Element 1 2 5 4 5 β 0 0.12 0.14.0.05 0.10 0.13 0.10 Cr 9 9 9 9.0 9.0 9.0 Co 9 9 9 10 10 10 W 9.9 9 , 6 10. 12.2 11.5 11.8 Mo 2.5 ■ 2.4 ■ - ■■ ₄ ■ ■ - - -Ta - ■ - '1.5 .'- ■■■■ - Nb - - - 1.0 1.1 1.0 Ti ■ 1.5 1.5 -1.5 2.0 2.0 2.0 Al 5.5 5.5 5.5 5.0 5.0 5.0 Hf 1.5 3.3 4.5 '1.6 1.1. 2.3 Ni remainderE remainderE remainderE remainderE remainderE Zr 0.05 0.05 0.05 0.05 0.05 0.05 B 0.0150.0150.0150.0150.0150.015

Each of the examples in Table II above exhibited an excellent combination of mechanical properties and was generally used in the manufacture of gas turbine metal parts Suitable for precision casting.

Fresh alloys according to the invention have compositions which are generally within the ranges stated in patent application P 19 21 359.3, with the exception that it has been found to be expedient to keep the Hafniunehalr within the range of about 0.7 or even 1 to to hold about 5 wt .-%. The total percentage of titanium, + aluminum should be at least 6%, preferably about 6.5 to _; , be about 10.5% and the carbon content can be up to · 0.5% by weight>. It is very useful to match the hafnium content to the carbon content so that the two elements are present in approximately equal amounts on an atomic basis.

_{10981fl / m9}

Cobalt, if present, is preferably on 'one Amount limited to about 20% by weight, the total percentage of tantalum + chromium not exceeding 16%, and the alloys according to the invention, both the fresh and the remelted alloys, have a hardness factor (HF), which is within the range of 60 to 72 and is calculated from the following equation: 1x% Cr + 1.1x% (W + Mo) + 3.4x% (Nb + Ta) + 4.3% Ti + 6x # Al = HF the percentages of the various elements relate on weight.
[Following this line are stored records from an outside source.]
definition quantile :: "'a measure \<Rightarrow> ('a \<Rightarrow> real) \<Rightarrow> real \<Rightarrow> real" where
  "quantile M W \<alpha> = Inf {t. measure M {\<omega> \<in> space M. W \<omega> \<le> t} \<ge> \<alpha>}"

end

theory Submission
  imports Defs
begin

text \<open>Fix a coordinate \<open>j\<close> and write \<open>Z\<^sub>i = x\<^sub>i\<^sub>j\<^sup>2 eps\<^sub>i\<^sup>2\<close>; these are nonnegative and independent.
  Let \<open>Q\<close> be the \<open>(1 - \<tau>)\<close>-quantile of \<open>max\<^sub>j E\<^sub>n[Z\<^sup>2]\<close> and \<open>A\<close> the event \<open>\<Sum>\<^sub>i Z\<^sub>i\<^sup>2 \<le> n Q\<close>.
  The upper deviation of \<open>\<Sum>\<^sub>i (Z\<^sub>i - E Z\<^sub>i)\<close> is handled by a Chernoff bound using
  \<open>exp (z - z\<^sup>2/2) \<le> 1 + z\<close> for \<open>z \<ge> 0\<close>: the random quadratic correction \<open>\<Sum>\<^sub>i Z\<^sub>i\<^sup>2\<close> is at most
  \<open>n Q\<close> on \<open>A\<close>. For the lower deviation the summands are truncated at \<open>c = sqrt (n Q)\<close>, which does
  not change them on \<open>A\<close>; the truncations are bounded, so \<open>exp (- y) \<le> 1 - y + y\<^sup>2/2\<close> gives a Chernoff
  bound with the deterministic correction \<open>\<Sum>\<^sub>i E min(Z\<^sub>i, c)\<^sup>2\<close>. Because \<open>A\<close> has probability at least
  \<open>1 - \<tau> \<ge> e\<^sup>-\<^sup>1\<close>, independence forces this correction to be at most \<open>4 n Q\<close> and the truncation bias
  \<open>\<Sum>\<^sub>i (E Z\<^sub>i - E min(Z\<^sub>i, c))\<close> to be at most \<open>sqrt (\<Sum>\<^sub>i E Z\<^sub>i\<^sup>2)\<close>. A union bound over the \<open>p\<close>
  coordinates and the complement of \<open>A\<close> gives failure probability \<open>2 \<tau>\<close>, better than the \<open>8 \<tau>\<close>
  claimed.\<close>

lemma exp_minus_le_quadratic:
  fixes y :: real
  assumes "0 \<le> y"
  shows "exp (- y) \<le> 1 - y + y\<^sup>2 / 2"
proof -
  have "(\<lambda>y. 1 - y + y\<^sup>2 / 2 - exp (- y)) 0 \<le> (\<lambda>y. 1 - y + y\<^sup>2 / 2 - exp (- y)) y"
  proof (rule DERIV_nonneg_imp_nondecreasing[OF assms])
    fix x :: real
    have "0 \<le> -1 + x + exp (- x)"
      using exp_ge_add_one_self[of "- x"] by linarith
    then show "\<exists>d. ((\<lambda>y. 1 - y + y\<^sup>2 / 2 - exp (- y)) has_real_derivative d) (at x) \<and> 0 \<le> d"
      by (auto intro!: exI[of _ "-1 + x + exp (- x)"] derivative_eq_intros)
  qed
  then show ?thesis
    by simp
qed

lemma exp_le_one_plus:
  fixes z :: real
  assumes "0 \<le> z"
  shows "exp (z - z\<^sup>2 / 2) \<le> 1 + z"
proof -
  have "(\<lambda>z. ln (1 + z) - z + z\<^sup>2 / 2) 0 \<le> (\<lambda>z. ln (1 + z) - z + z\<^sup>2 / 2) z"
  proof (rule DERIV_nonneg_imp_nondecreasing[OF assms])
    fix x :: real
    assume "0 \<le> x"
    then show "\<exists>d. ((\<lambda>z. ln (1 + z) - z + z\<^sup>2 / 2) has_real_derivative d) (at x) \<and> 0 \<le> d"
      by (auto intro!: exI[of _ "1 / (1 + x) - 1 + x"] derivative_eq_intros simp: field_simps)
  qed
  then have "exp (z - z\<^sup>2 / 2) \<le> exp (ln (1 + z))"
    by simp
  with assms show ?thesis
    by simp
qed

lemma exp_mult_one_minus_le_one:
  fixes a :: real
  shows "exp a * (1 - a) \<le> 1"
proof (cases "a \<le> 1")
  case True
  then have "exp a * (1 - a) \<le> exp a * exp (- a)"
    using exp_ge_add_one_self[of "- a"] by (intro mult_left_mono) auto
  then show ?thesis
    by (simp add: exp_minus_inverse)
next
  case False
  then have "exp a * (1 - a) \<le> 0"
    by (intro mult_nonneg_nonpos) auto
  then show ?thesis
    by simp
qed

lemma le_sqrt_of_am_gm_bound:
  fixes T S :: real
  assumes "0 \<le> S" and bound: "\<And>\<alpha>. 0 < \<alpha> \<Longrightarrow> T \<le> (\<alpha> * S + 1 / \<alpha>) / 2"
  shows "T \<le> sqrt S"
proof (cases "S = 0")
  case True
  have "\<not> 0 < T"
    using bound[of "1 / T"] True by (auto simp: field_simps)
  with True show ?thesis
    by simp
next
  case False
  with \<open>0 \<le> S\<close> have "0 < S"
    by simp
  then have "T \<le> (1 / sqrt S * S + 1 / (1 / sqrt S)) / 2"
    by (intro bound) simp
  also have "\<dots> = sqrt S"
    using \<open>0 < S\<close> by (simp add: field_simps)
  finally show ?thesis .
qed

lemma truncation_excess_le:
  fixes z c \<alpha> :: real
  assumes "0 \<le> z" "0 \<le> c" "0 < \<alpha>"
  shows "z - min z c \<le> (\<alpha> * z\<^sup>2 + (if c < z then 1 else 0) / \<alpha>) / 2"
proof (cases "c < z")
  case True
  have "0 \<le> (\<alpha> * z - 1)\<^sup>2"
    by simp
  then have "2 * z \<le> \<alpha> * z\<^sup>2 + 1 / \<alpha>"
    using \<open>0 < \<alpha>\<close> by (simp add: field_simps power2_eq_square)
  with True \<open>0 \<le> c\<close> show ?thesis
    by simp
qed (use assms in simp)

lemma chernoff_exponent_ge:
  fixes a b B L :: real
  assumes "0 < B" "0 < L" "b \<le> B" "sqrt (2 * L * B) \<le> a"
  shows "L \<le> sqrt (2 * L / B) * a - (sqrt (2 * L / B))\<^sup>2 * b / 2"
proof -
  have "sqrt (2 * L / B) * sqrt (2 * L * B) = sqrt ((2 * L)\<^sup>2)"
    using assms(1) by (simp add: real_sqrt_mult[symmetric] power2_eq_square)
  then have "2 * L = sqrt (2 * L / B) * sqrt (2 * L * B)"
    using assms(2) real_sqrt_abs[of "2 * L"] by simp
  also have "\<dots> \<le> sqrt (2 * L / B) * a"
    using assms by (intro mult_left_mono) auto
  finally have "2 * L \<le> sqrt (2 * L / B) * a" .
  moreover have "(sqrt (2 * L / B))\<^sup>2 * b / 2 \<le> L"
    using assms(1-3) by (simp add: field_simps)
  ultimately show ?thesis
    by linarith
qed

lemma le_sqrt_of_sum_squares_le:
  fixes f :: "'i \<Rightarrow> real"
  assumes "(\<Sum>i\<in>I. (f i)\<^sup>2) \<le> B" "i \<in> I" "finite I"
  shows "f i \<le> sqrt B"
proof -
  have "(f i)\<^sup>2 \<le> (\<Sum>i\<in>I. (f i)\<^sup>2)"
    using assms(2,3) by (intro member_le_sum) auto
  with assms(1) show ?thesis
    by (intro real_le_rsqrt) simp
qed

context prob_space
begin

lemma expectation_prod_indep_bounded:
  fixes \<xi> :: "'i \<Rightarrow> 'a \<Rightarrow> 'b::topological_space" and f :: "'i \<Rightarrow> 'b \<Rightarrow> real"
  assumes "finite I" and indep: "indep_vars (\<lambda>_. borel) \<xi> I"
    and f_measurable: "\<And>i. i \<in> I \<Longrightarrow> f i \<in> borel_measurable borel"
    and f_bounded: "\<And>i \<omega>. i \<in> I \<Longrightarrow> \<omega> \<in> space M \<Longrightarrow> \<bar>f i (\<xi> i \<omega>)\<bar> \<le> C"
  shows "expectation (\<lambda>\<omega>. \<Prod>i\<in>I. f i (\<xi> i \<omega>)) = (\<Prod>i\<in>I. expectation (\<lambda>\<omega>. f i (\<xi> i \<omega>)))"
proof (rule indep_vars_lebesgue_integral[OF \<open>finite I\<close> indep_vars_compose2[OF indep f_measurable]])
  fix i
  assume i: "i \<in> I"
  have "\<xi> i \<in> borel_measurable M"
    using indep i by (auto simp: indep_vars_def)
  with f_measurable[OF i] show "integrable M (\<lambda>\<omega>. f i (\<xi> i \<omega>))"
    using f_bounded[OF i] by (intro integrable_const_bound[where B = C]) auto
qed

lemma prob_sum_ge_le_exp:
  fixes \<xi> :: "'i \<Rightarrow> 'a \<Rightarrow> 'b::topological_space" and h :: "'i \<Rightarrow> 'b \<Rightarrow> real"
  assumes "finite I" and indep: "indep_vars (\<lambda>_. borel) \<xi> I"
    and h_measurable: "\<And>i. i \<in> I \<Longrightarrow> h i \<in> borel_measurable borel"
    and h_bounded: "\<And>i \<omega>. i \<in> I \<Longrightarrow> \<omega> \<in> space M \<Longrightarrow> h i (\<xi> i \<omega>) \<le> C"
    and exp_moment: "\<And>i. i \<in> I \<Longrightarrow> expectation (\<lambda>\<omega>. exp (h i (\<xi> i \<omega>))) \<le> 1"
  shows "prob {\<omega> \<in> space M. s \<le> (\<Sum>i\<in>I. h i (\<xi> i \<omega>))} \<le> exp (- s)"
proof -
  let ?S = "\<lambda>\<omega>. \<Sum>i\<in>I. h i (\<xi> i \<omega>)"
  have [measurable]: "\<xi> i \<in> borel_measurable M" "h i \<in> borel_measurable borel" if "i \<in> I" for i
    using indep h_measurable that by (auto simp: indep_vars_def)
  have S_measurable: "?S \<in> borel_measurable M"
    by measurable
  have "expectation (\<lambda>\<omega>. exp (?S \<omega>)) = expectation (\<lambda>\<omega>. \<Prod>i\<in>I. exp (h i (\<xi> i \<omega>)))"
    by (simp add: exp_sum \<open>finite I\<close>)
  also have "\<dots> = (\<Prod>i\<in>I. expectation (\<lambda>\<omega>. exp (h i (\<xi> i \<omega>))))"
    using h_bounded by (intro expectation_prod_indep_bounded[OF \<open>finite I\<close> indep, where C = "exp C"]) auto
  also have "\<dots> \<le> 1"
    using exp_moment by (intro prod_le_1 integral_nonneg_AE) auto
  finally have moment: "expectation (\<lambda>\<omega>. exp (?S \<omega>)) \<le> 1" .
  have "?S \<omega> \<le> real (card I) * C" if "\<omega> \<in> space M" for \<omega>
    using sum_mono[of I "\<lambda>i. h i (\<xi> i \<omega>)" "\<lambda>_. C"] h_bounded that by simp
  then have "integrable M (\<lambda>\<omega>. exp (?S \<omega>))"
    using S_measurable by (intro integrable_const_bound[where B = "exp (real (card I) * C)"]) auto
  then have "prob {\<omega> \<in> space M. exp s \<le> exp (?S \<omega>)} \<le> expectation (\<lambda>\<omega>. exp (?S \<omega>)) / exp s"
    by (intro integral_Markov_inequality_measure[where A = "space M"]) auto
  also have "\<dots> \<le> exp (- s)"
    using moment divide_right_mono[OF moment, of "exp s"] by (simp add: exp_minus inverse_eq_divide)
  finally show ?thesis
    by simp
qed

lemma cdf_distr:
  assumes "random_variable borel W"
  shows "cdf (distr M borel W) t = prob {\<omega> \<in> space M. W \<omega> \<le> t}"
  using assms by (simp add: cdf_def measure_distr vimage_def Int_def conj_commute)

lemma prob_le_quantile:
  assumes W: "random_variable borel W" and "0 < \<alpha>" "\<alpha> < 1"
  shows "\<alpha> \<le> prob {\<omega> \<in> space M. W \<omega> \<le> quantile M W \<alpha>}"
proof -
  interpret D: real_distribution "distr M borel W"
    using W by simp
  define S where "S = {t. \<alpha> \<le> cdf (distr M borel W) t}"
  have "quantile M W \<alpha> = Inf S"
    by (simp add: quantile_def S_def cdf_distr[OF W])
  have "eventually (\<lambda>t. \<alpha> < cdf (distr M borel W) t) at_top"
    using order_tendstoD(1)[OF D.cdf_lim_at_top_prob \<open>\<alpha> < 1\<close>] .
  then have "S \<noteq> {}"
    unfolding S_def by (auto simp: eventually_at_top_linorder intro: less_imp_le)
  have "eventually (\<lambda>t. cdf (distr M borel W) t < \<alpha>) at_bot"
    using order_tendstoD(2)[OF D.cdf_lim_at_bot \<open>0 < \<alpha>\<close>] .
  then obtain b where "\<And>t. t \<le> b \<Longrightarrow> cdf (distr M borel W) t < \<alpha>"
    by (auto simp: eventually_at_bot_linorder)
  then have "bdd_below S"
    unfolding S_def by (intro bdd_belowI[of _ b]) (smt (verit) mem_Collect_eq)
  \<comment> \<open>every level above the infimum is attained, and the cdf is right-continuous\<close>
  have "eventually (\<lambda>t. \<alpha> \<le> cdf (distr M borel W) t) (at_right (Inf S))"
    using eventually_at_right_less[of "Inf S"]
  proof eventually_elim
    case (elim t)
    then obtain s where "s \<in> S" "s < t"
      using cInf_lessD[OF \<open>S \<noteq> {}\<close>] by blast
    then show ?case
      using D.cdf_nondecreasing[of s t] by (auto simp: S_def)
  qed
  then have "\<alpha> \<le> cdf (distr M borel W) (Inf S)"
    using D.cdf_is_right_cont[of "Inf S"]
    by (intro tendsto_lowerbound[where F = "at_right (Inf S)"]) (auto simp: continuous_within)
  then show ?thesis
    by (simp add: \<open>quantile M W \<alpha> = Inf S\<close> cdf_distr[OF W])
qed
For the sake of convenience, the numerical value represented by this equation is referred to as the "hardness factor" in the following description and in the claims. If this Hartbarkeitsfaktor thus defined as the value exceeds 60, the cast samples produced from this alloy, in general, have a breaking strength of at least about 1000 hours when tested at 898 ⁰ C under a load of 1404 kg / cm. Most of the alloys according to the invention have breaking strengths of 1000 hours under a load of 1,440 kg / cm at temperatures above 926 ^° C. The temperature at which an alloy has a breaking strength of 1000 hours at a load of 1404 kg / cm, is sometimes referred to as the "temperature capability" of this alloy. Further examples of alloys according to the invention are given in Table III below.

• 1 0 9 8 1 Π / 1 U 9

7th Tabel 8th 9 III 11 0 12th 13th 14th alloy 0.15 0.12 0.18 10 0.12 9 , 14 0.05 0.12 C. 9.0 10.0 10.0 0.05 9 9 9 12.5 Cr 10.0 - 15.0 12.0 9 2 9 - Co - 1.5 - - 2.5 9 A. 4.2 - Mon 10.0 2.0 - 4.5 9.9 1 , 6 10 - - W. 1.5 1.0 - 1.5 5 , 5 1.5 0.8 Ti 5.5 6.5 5.5 0.6 5.5 , 5 5.5 6.1 Al 0.015 0.020 0.014 5.9 - - - - B. 0.05 0.10 Q, 06 0.010 - - - Zr 1.5 2.0 - 0.10 - 3 - 1.5 - Ta 2.5 2.5 2.5 ■ - 1.5 , 3 1.5 Hf rest rest rest 1.5 Rest* Rest* Rest* Rest* Ni - 1.0 - Rest, - - 2.0 Nb M. _ * 1.0 2.0 V mm ' - -

* contains small, common amounts of boron and zirconium

The results of room temperature tests performed with cast turbine wheels of alloy F, a known one, about 0.5 wt.% Carbon, about 12 wt.% Chromium, about 4.5 wt.% Molybdenum, about 0.6 wt. -% titanium, about 5.9 wt. -96 aluminum, about 2 wt.% Niobium, about 0.010 wt.% Boron, about 0.1 wt 10), which contained 1.5% by weight of hafnium instead of an equal amount by weight of nickel, samples were prepared, are given in Table IV below.

Table IV

Zuntand the properties unmodified modified Lep; ifining LBflierunf); F Len ^ erum »; F.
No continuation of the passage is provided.